How different are the ERA figures for DC ?

Just seems strange that for every other cable they provided data for cables buried but not in tables 4D3A & 4E3A. When speaking with a cable manufacturer even they thought this was strange.


No the cable hasn't failed but has been damaged due to other works going on and now needs to be replaced.


Well i can't say how different the figures are because there is no data for them in BS7671 but for a 300mm2 single-core 2 cables DC within a duct the ERA is saying the CCC is 734A this is at 90C.

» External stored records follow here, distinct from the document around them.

lemma prefix_count_attained:
  assumes "c < prefix_count P xs N" and "N \<le> length xs"
  shows "\<exists>j. 1 \<le> j \<and> j \<le> N \<and> P (xs ! (j - 1)) \<and> prefix_count P xs j = Suc c"
  using assms
proof (induction N)
  case (Suc N)
  show ?case
  proof (cases "c < prefix_count P xs N")
    case True
    with Suc show ?thesis by (meson Suc_leD le_SucI)
  next
    case False
    with Suc.prems prefix_count_Suc[of N xs P] show ?thesis
      by (intro exI[of _ "Suc N"]) (auto split: if_splits)
  qed
qed simp

lemma prefix_count_map_upt:
  assumes "j \<le> n"
  shows "prefix_count P (map f [1..<n+1]) j = card {i \<in> {1..j}. P (f i)}"
proof -
  have "take j (map f [1..<n+1]) = map f [1..<j+1]"
    using assms by (simp add: take_map add.commute del: upt_Suc)
  then have "prefix_count P (map f [1..<n+1]) j = length (filter (P \<circ> f) [1..<j+1])"
    by (simp add: prefix_count_def filter_map)
  also have "\<dots> = card {i \<in> {1..j}. P (f i)}"
    by (subst distinct_card[symmetric]) (auto simp: less_Suc_eq_le simp del: upt_Suc)
  finally show ?thesis .
qed

lemma height_take:
  "height (take j xs) = int (prefix_count (\<lambda>s. s = U) xs j) - int (prefix_count (\<lambda>s. s = D) xs j)"
proof -
  have "sum_list (map step_ht ys) = int (length (filter (\<lambda>s. s = U) ys)) - int (length (filter (\<lambda>s. s = D) ys))" for ys
  proof (induction ys)
    case (Cons s ys)
    then show ?case by (cases s) auto
  qed simp
  then show ?thesis by (simp add: height_def prefix_count_def)
qed

lemma length_eq_num_UD_horiz:
  "length xs = length (filter (\<lambda>s. s = U) xs) + length (filter (\<lambda>s. s = D) xs) + num_horiz xs"
  unfolding num_horiz_def
proof (induction xs)
  case (Cons s xs)
  then show ?case by (cases s) auto
qed simp

text \<open>Row 0 of the tableau contributes U and umber steps, row 1 D and denim steps; the minimum
  of a cell contributes the opener of its row.\<close>

fun row_of :: "step \<Rightarrow> nat" where
  "row_of U = 0" | "row_of Hu = 0" | "row_of D = 1" | "row_of Hd = 1"

fun opener :: "nat \<Rightarrow> step" where
  "opener 0 = U" | "opener (Suc r) = D"

lemma row_of_less_2: "row_of s < 2"
  by (cases s) auto

lemma row_of_opener: "r < 2 \<Longrightarrow> row_of (opener r) = r"
  by (cases r) auto

lemma step_eqI:
  "row_of s = row_of t \<Longrightarrow> (s = opener (row_of s) \<longleftrightarrow> t = opener (row_of t)) \<Longrightarrow> s = t"
  by (cases s; cases t) auto

lemma length_beta [simp]: "length (beta b k S) = 2 * b + k"
  by (simp add: beta_def del: upt_Suc)

lemma nth_beta: "i < 2 * b + k \<Longrightarrow> beta b k S ! i = beta_step b S (Suc i)"
  by (simp add: beta_def del: upt_Suc)

lemma cells_two_rows: "(r, c) \<in> cells [b, b] \<longleftrightarrow> r < 2 \<and> c < b"
  by (auto simp: cells_def less_2_cases_iff nth_Cons split: nat.splits)

definition beta_inv :: "nat \<Rightarrow> step list \<Rightarrow> nat \<times> nat \<Rightarrow> nat set" where
  "beta_inv b q = (\<lambda>(r, c). {j \<in> {1..length q}. c < b \<and> row_of (q ! (j - 1)) = r \<and>
      prefix_count (\<lambda>s. s = opener r) q j = Suc c})"

lemma mem_beta_inv:
  "j \<in> beta_inv b q (r, c) \<longleftrightarrow> j \<in> {1..length q} \<and> c < b \<and> row_of (q ! (j - 1)) = r \<and>
      prefix_count (\<lambda>s. s = opener r) q j = Suc c"
  by (simp add: beta_inv_def)

section \<open>From tableaux to paths\<close>

locale two_row_syt =
  fixes b k :: nat and S :: "nat \<times> nat \<Rightarrow> nat set"
  assumes S: "S \<in> SYT_plus k [b, b]"
begin

abbreviation "n \<equiv> 2 * b + k"
abbreviation "p \<equiv> beta b k S"

lemma cell_empty: "\<not> (r < 2 \<and> c < b) \<Longrightarrow> S (r, c) = {}"
  using S by (auto simp: SYT_plus_def cells_two_rows)

lemma cell_subset: "S (r, c) \<subseteq> {1..n}"
proof (cases "r < 2 \<and> c < b")
  case True
  then have "S (r, c) \<subseteq> (\<Union>d\<in>cells [b, b]. S d)"
    by (intro UN_upper) (simp add: cells_two_rows)
  with S show ?thesis by (simp add: SYT_plus_def mult_2)
qed (simp add: cell_empty)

Working on a project where we are replacing an existing cable serving a DC motor. The motor is 690V and has a current of 1440A. The client has advised that the existing cable is 2 x 2c 300mm2 armoured buried below ground for 130m. Now when looking at the tables in BS7671 the maximum load that a 300mm2 can take is 446A (90C) or 379A (70C) so with the parallel cables this would only provide a current-carrying capacity of 892A ( 758A @70c). We are now concerned that the existing cables installed cira 20 years ago are undersized for the full load current of the motor.

Seems odd that a cable had been run at close to twice(ish) its rating for 20 years and presumably isn't showing any signs of ever overheating - so I wonder if there's a bit more to this that meets the eye. How often is the motor used and how long does it run for? If it's only occasionally or only for short durations or isn't heavily loaded mechanically then it might be that the thermal equivalent current is a lot less than the rating plate. That's presuming the 1440A is correct - that sort of power would be good for hauling a decent sized train.


 

Just seems strange that for every other cable they provided data for cables buried but not in tables 4D3A & 4E3A.

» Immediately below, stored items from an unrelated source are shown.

(* Let $(E,B,p,\Gamma)$ be a compact graph bundle, let $F:E\to E$ and $f:B\to B$ be continuous with $p\circ F=f\circ p$, $(B,f)$ minimal, and let $M$ be a minimal set of $F$ with $p(M)=B$. Let $H$ be the homeo-part of $f$, and suppose that $M_z$ is finite for some $z\in H$. Then $N:=\min\{\operatorname{card}M_x: x\in H\}$ is finite and there is a residual set $R\subseteq B$ such that $\operatorname{card}M_b=N$ for every $b\in R$.
   Context: A compact graph bundle $(E,B,p,\Gamma)$: $E,B$ compact metric spaces, $\Gamma$ a graph (nonempty compact metric space that is a union of finitely many arcs pairwise disjoint or meeting only at end-points), $p:E\to B$ a continuous surjection such that each $b\in B$ has an open neighbourhood $U$ and a homeomorphism $h:p^{-1}(U)\to U\times\Gamma$ with $\mathrm{pr}_1\circ h=p$. $M_b=M\cap p^{-1}(b)$. Minimal map: no proper nonempty closed invariant subset; minimal set: nonempty closed invariant set on which the map is minimal. Homeo-part of a continuous selfmap $f$ of a compact metric space $X$: the set $H$ of points $x_0\in X$ whose full orbit $\{x\in X:\exists i,j\ge0,\ f^i(x)=f^j(x_0)\}$ is of the form $\{\dots,x_{-2},x_{-1},x_0,x_1,x_2,\dots\}$ with $f(x_n)=x_{n+1}$ for every integer $n$. Residual: complement of a countable union of nowhere dense sets. *)

theory Defs
  imports "HOL-Analysis.Analysis"
begin

definition is_graph :: "'g::metric_space set \<Rightarrow> bool" where
  "is_graph \<Gamma> \<longleftrightarrow> \<Gamma> \<noteq> {} \<and> compact \<Gamma> \<and>
     (\<exists>A. finite A \<and> (\<forall>g\<in>A. arc g) \<and> \<Gamma> = \<Union>(path_image ` A) \<and>
        (\<forall>g\<in>A. \<forall>h\<in>A. g \<noteq> h \<longrightarrow>
           path_image g \<inter> path_image h \<subseteq>
             {pathstart g, pathfinish g} \<inter> {pathstart h, pathfinish h}))"

definition compact_graph_bundle ::
  "'e::metric_space set \<Rightarrow> 'b::metric_space set \<Rightarrow> ('e \<Rightarrow> 'b) \<Rightarrow> 'g::metric_space set \<Rightarrow> bool" where
  "compact_graph_bundle E B p \<Gamma> \<longleftrightarrow>
     compact E \<and> compact B \<and> is_graph \<Gamma> \<and> continuous_on E p \<and> p ` E = B \<and>
     (\<forall>b\<in>B. \<exists>U. openin (top_of_set B) U \<and> b \<in> U \<and>
        (\<exists>h h'. homeomorphism {x\<in>E. p x \<in> U} (U \<times> \<Gamma>) h h' \<and>
                (\<forall>x\<in>{x\<in>E. p x \<in> U}. fst (h x) = p x)))"

definition minimal_set :: "('a::metric_space \<Rightarrow> 'a) \<Rightarrow> 'a set \<Rightarrow> 'a set \<Rightarrow> bool" where
  "minimal_set f X M \<longleftrightarrow> M \<subseteq> X \<and> M \<noteq> {} \<and> closed M \<and> f ` M \<subseteq> M \<and>
     (\<forall>A. A \<subseteq> M \<and> A \<noteq> {} \<and> closed A \<and> f ` A \<subseteq> A \<longrightarrow> A = M)"

definition full_orbit :: "('a \<Rightarrow> 'a) \<Rightarrow> 'a set \<Rightarrow> 'a \<Rightarrow> 'a set" where
  "full_orbit f X x0 = {x\<in>X. \<exists>i j. (f ^^ i) x = (f ^^ j) x0}"

definition homeo_part :: "('a \<Rightarrow> 'a) \<Rightarrow> 'a set \<Rightarrow> 'a set" where
  "homeo_part f X = {x0\<in>X. \<exists>x::int \<Rightarrow> 'a. x 0 = x0 \<and> (\<forall>n. f (x n) = x (n + 1)) \<and>
                              full_orbit f X x0 = range x}"

definition residual_in :: "'a::topological_space set \<Rightarrow> 'a set \<Rightarrow> bool" where
  "residual_in B R \<longleftrightarrow> (\<exists>\<N>. countable \<N> \<and>
     (\<forall>N\<in>\<N>. N \<subseteq> B \<and> (top_of_set B) interior_of ((top_of_set B) closure_of N) = {}) \<and>
     R = B - \<Union>\<N>)"

end

theory Submission
  imports Defs
begin

text \<open>Points of the homeo-part \<open>H\<close> have a unique preimage, so \<open>F\<close> maps the fibre over
\<open>b \<in> H\<close> onto the fibre over \<open>f b\<close> and fibre cardinalities cannot increase along forward orbits
in \<open>H\<close>. Hence a point \<open>x0 \<in> H\<close> whose fibre has the minimal finite cardinality \<open>N\<close> keeps
cardinality \<open>N\<close> along its forward orbit, which is dense. Having \<open>N + 1\<close> fibre points that are
\<open>\<epsilon>\<close>-separated is a closed condition, so it fails on a dense open set for each \<open>\<epsilon>\<close>.
Conversely \<open>H\<close> is residual: a minimal map on a compact space sends nowhere dense closed sets to
nowhere dense sets under images and preimages, so the points whose grand orbit meets a point
with two \<open>\<epsilon>\<close>-separated preimages form countably many nowhere dense sets, and every point
avoiding them lies in \<open>H\<close>. By Baire, fibres with fewer than \<open>N\<close> points cannot be dense in an
open set, since a generic point there would be a point of \<open>H\<close> with too small a fibre.\<close>

section \<open>Nowhere dense closed sets\<close>

definition nowhere_dense_closedin :: "'a topology \<Rightarrow> 'a set \<Rightarrow> bool" where
  "nowhere_dense_closedin X C \<longleftrightarrow> closedin X C \<and> X interior_of C = {}"

lemma nowhere_dense_closedin_subtopology_iff:
  assumes "closed B"
  shows "nowhere_dense_closedin (top_of_set B) C \<longleftrightarrow>
           C \<subseteq> B \<and> closed C \<and> (\<forall>U. openin (top_of_set B) U \<and> U \<subseteq> C \<longrightarrow> U = {})"
  using assms by (auto simp: nowhere_dense_closedin_def closedin_closed_eq interior_of_eq_empty)

lemma residual_in_Diff_Union:
  assumes "countable \<N>" and "\<And>C. C \<in> \<N> \<Longrightarrow> nowhere_dense_closedin (top_of_set B) C"
  shows "residual_in B (B - \<Union>\<N>)"
proof -
  have "C \<subseteq> B \<and> top_of_set B interior_of (top_of_set B closure_of C) = {}" if "C \<in> \<N>" for C
  proof -
    have "closedin (top_of_set B) C" and "top_of_set B interior_of C = {}"
      using assms(2)[OF that] by (auto simp: nowhere_dense_closedin_def)
    then show ?thesis using closedin_subset by (force simp: closure_of_closedin)
  qed
  then show ?thesis using assms(1) unfolding residual_in_def by blast
qed

lemma compact_Baire:
  fixes B :: "'a::metric_space set"
  assumes "compact B" and "countable \<G>"
    and "\<And>C. C \<in> \<G> \<Longrightarrow> nowhere_dense_closedin (top_of_set B) C"
    and "openin (top_of_set B) V" and "V \<noteq> {}"
  obtains b where "b \<in> V" and "b \<notin> \<Union>\<G>"
proof -
  have "compact_space (top_of_set B)"
    using assms(1) by (simp add: compact_space_subtopology)
  then have "locally_compact_space (top_of_set B)"
    by (rule compact_imp_locally_compact_space)
  moreover have "regular_space (top_of_set B)"
    by (intro metrizable_imp_regular_space metrizable_space_subtopology metrizable_space_euclidean)
  ultimately have "top_of_set B interior_of \<Union>\<G> = {}"
    using assms(2,3) by (intro Baire_category_alt) (auto simp: nowhere_dense_closedin_def)
  then have "\<not> V \<subseteq> \<Union>\<G>"
    using assms(4,5) by (auto simp: interior_of_eq_empty)
  then show ?thesis using that by blast
qed

lemma nowhere_dense_closedin_Int_closure:
  assumes "closed B" and "openin (top_of_set B) V" and "V \<subseteq> closure G" and "G \<subseteq> B"
    and "closed K" and "K \<subseteq> B" and "K \<inter> G = {}"
  shows "nowhere_dense_closedin (top_of_set B) (K \<inter> closure V)"
  unfolding nowhere_dense_closedin_subtopology_iff[OF \<open>closed B\<close>]
proof (intro conjI allI impI; (elim conjE)?)
  show "K \<inter> closure V \<subseteq> B" "closed (K \<inter> closure V)"
    using assms by auto
  fix W assume W: "openin (top_of_set B) W" "W \<subseteq> K \<inter> closure V"
  obtain T where T: "open T" "W = B \<inter> T" using W(1) by (auto simp: openin_open)
  obtain T' where T': "open T'" "V = B \<inter> T'" using assms(2) by (auto simp: openin_open)
  show "W = {}"
  proof (rule ccontr)
    assume "W \<noteq> {}"
    then have "T \<inter> closure V \<noteq> {}" using W(2) T by blast
    then have "T \<inter> V \<noteq> {}" using open_Int_closure_eq_empty[OF T(1)] by blast
    then have "(T \<inter> T') \<inter> closure G \<noteq> {}" using T' assms(3) by blast
    then obtain g where "g \<in> T" "g \<in> G"
      using open_Int_closure_eq_empty[OF open_Int[OF T(1) T'(1)]] by blast
    then have "g \<in> K" using W(2) T(2) assms(4) by blast
    then show False using \<open>g \<in> G\<close> assms(7) by blast
  qed
qed

section \<open>Minimal systems\<close>

lemma full_orbit_image_eq: "full_orbit f X (f x) = full_orbit f X x"
proof -
  have "(\<exists>i j. (f ^^ i) y = (f ^^ j) (f x)) \<longleftrightarrow> (\<exists>i j. (f ^^ i) y = (f ^^ j) x)" for y
  proof
    assume "\<exists>i j. (f ^^ i) y = (f ^^ j) (f x)"
    then show "\<exists>i j. (f ^^ i) y = (f ^^ j) x" by (metis funpow_Suc_right o_apply)
  next
    assume "\<exists>i j. (f ^^ i) y = (f ^^ j) x"
    then obtain i j where "(f ^^ i) y = (f ^^ j) x" by blast
    then have "(f ^^ Suc i) y = (f ^^ j) (f x)" by (simp add: funpow_swap1)
    then show "\<exists>i j. (f ^^ i) y = (f ^^ j) (f x)" by blast
  qed
  then show ?thesis unfolding full_orbit_def by blast
qed

lemma funpow_shift_int:
  assumes "\<And>n. f (s n) = s (n + 1)"
  shows "s (m + int k) = (f ^^ k) (s m)"
proof (induction k)
  case (Suc k)
  have "s (m + int (Suc k)) = f (s (m + int k))" using assms[of "m + int k"] by (simp add: ac_simps)
  then show ?case using Suc.IH by simp
qed simp

locale minimal_system =
  fixes B :: "'b::metric_space set" and f :: "'b \<Rightarrow> 'b"
  assumes compact_B: "compact B" and continuous_f: "continuous_on B f"
    and f_into: "f ` B \<subseteq> B" and minimal: "minimal_set f B B"
begin

lemma f_Pi: "f \<in> B \<rightarrow> B"
  using f_into by blast

lemma closed_B: "closed B"
  using compact_B by (rule compact_imp_closed)

lemma B_nonempty: "B \<noteq> {}"
  using minimal by (simp add: minimal_set_def)

lemma invariant_closed_eq:
  "A \<subseteq> B \<Longrightarrow> A \<noteq> {} \<Longrightarrow> closed A \<Longrightarrow> f ` A \<subseteq> A \<Longrightarrow> A = B"
  using minimal by (simp add: minimal_set_def)

lemma image_eq: "f ` B = B"
  using compact_continuous_image[OF continuous_f compact_B] f_into B_nonempty
  by (intro invariant_closed_eq) (auto intro: compact_imp_closed)

lemma funpow_in: "x \<in> B \<Longrightarrow> (f ^^ k) x \<in> B"
  using f_into by (induction k) auto

lemma continuous_on_funpow: "continuous_on B (f ^^ k)"
proof (induction k)
  case (Suc k)
  have "continuous_on B (f \<circ> (f ^^ k))"
    using funpow_in by (intro continuous_on_compose[OF Suc continuous_on_subset[OF continuous_f]]) auto
  then show ?case by simp
qed simp

lemma subset_image_Int_vimage:
  assumes "Q \<subseteq> B"
  shows "Q \<subseteq> f ` (B \<inter> f -` Q)"
proof
  fix q assume "q \<in> Q"
  then obtain a where "a \<in> B" "q = f a" using assms image_eq by (metis imageE subsetD)
  then show "q \<in> f ` (B \<inter> f -` Q)" using \<open>q \<in> Q\<close> by blast
qed

lemma nowhere_dense_iff:
  "nowhere_dense_closedin (top_of_set B) C \<longleftrightarrow>
     C \<subseteq> B \<and> closed C \<and> (\<forall>U. openin (top_of_set B) U \<and> U \<subseteq> C \<longrightarrow> U = {})"
  by (rule nowhere_dense_closedin_subtopology_iff[OF closed_B])

lemma backward_chain_in:
  assumes "f ` C = B" and "C \<subseteq> B" and "y \<in> B"
  shows "\<exists>x\<in>B. (f ^^ n) x = y \<and> (\<forall>k<n. (f ^^ k) x \<in> C)"
  using \<open>y \<in> B\<close>
proof (induction n arbitrary: y)
  case (Suc n)
  obtain c where c: "c \<in> C" "f c = y" using Suc.prems assms(1) by blast
  then obtain x where x: "x \<in> B" "(f ^^ n) x = c" "\<forall>k<n. (f ^^ k) x \<in> C"
    using Suc.IH assms(2) by blast
  have "\<forall>k<Suc n. (f ^^ k) x \<in> C"
    using x c by (auto simp: less_Suc_eq)
  then show ?case using x c by auto
qed auto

There are quite a few combinations that the tables don't provide for - e.g. the one I stumbled over was no method B in table 4D5 (where you'd expect T&E to have a higher rating than allowed for in table 4D2A)


Looking at table 4A2 (which I suspect is of IEC origin rather than a BS 7671 original) - I get the impression that someone expects single core cables below ground to be in some kind of trough rather than being directly buried, but I might be wrong.


   - Andy.

This is one megawatt approx, and the train motor analogy is about right  -. 690VDC is close to  the sort of voltage used on the London Underground. (nominal 630V but newer units 750 volt ready for upgrades to come.) Along train has a number of motor units, each capable of a hundred kW or so during acceleration.

As has already been said the current cable might be sufficient IF the motor is only lightly loaded and drawing a lot less than the nameplate  rating.

Or if the motor sees only limited use with the cable not being loaded for long enough to reach the steady state temperature suggested by the nameplate.

Or might the existing cable be larger than believed ? Perhaps someone had last minute doubts about 300mm and installed 400mm, which would still be overloaded but not as badly. Older cables do not always have the conductor size marked on the outer sheath.


Unless you can be reasonably certain that the motor is significantly under loaded, or that use is only short term, and WILL REMAIN SO, then in my view any replacement cables should be fully loaded in accordance with published figures.


Remember that the existing cables MIGHT be about to fail. A common failure mode is softening of the insulation which then creeps away from the conductors, usually at bends. Not apparent from external inspection.


Consider also the energy lost in the cables and the cost thereof. Reducing the losses from say 6% to 4% would save about 20Kw or about £3 an hour. for a long hour load that would be in the region of £25,000 a year. A quarter of a million pounds wasted in ten years puts into perspective the cost of larger cables.


Presumably the 690 volt DC supply is obtained on site from a transformer and rectifier unit. Reducing cable losses will also reduce the load to be supplied by the transformer/rectifier and the losses therein.

Such losses might be about 3% of full load. So reducing the load by say 20Kw will reduce the losses in the transformer/rectifier by 3% of 20Kw. About 600 watts saved, or about 10 pence an hour, or about £800 a year for long hour operation.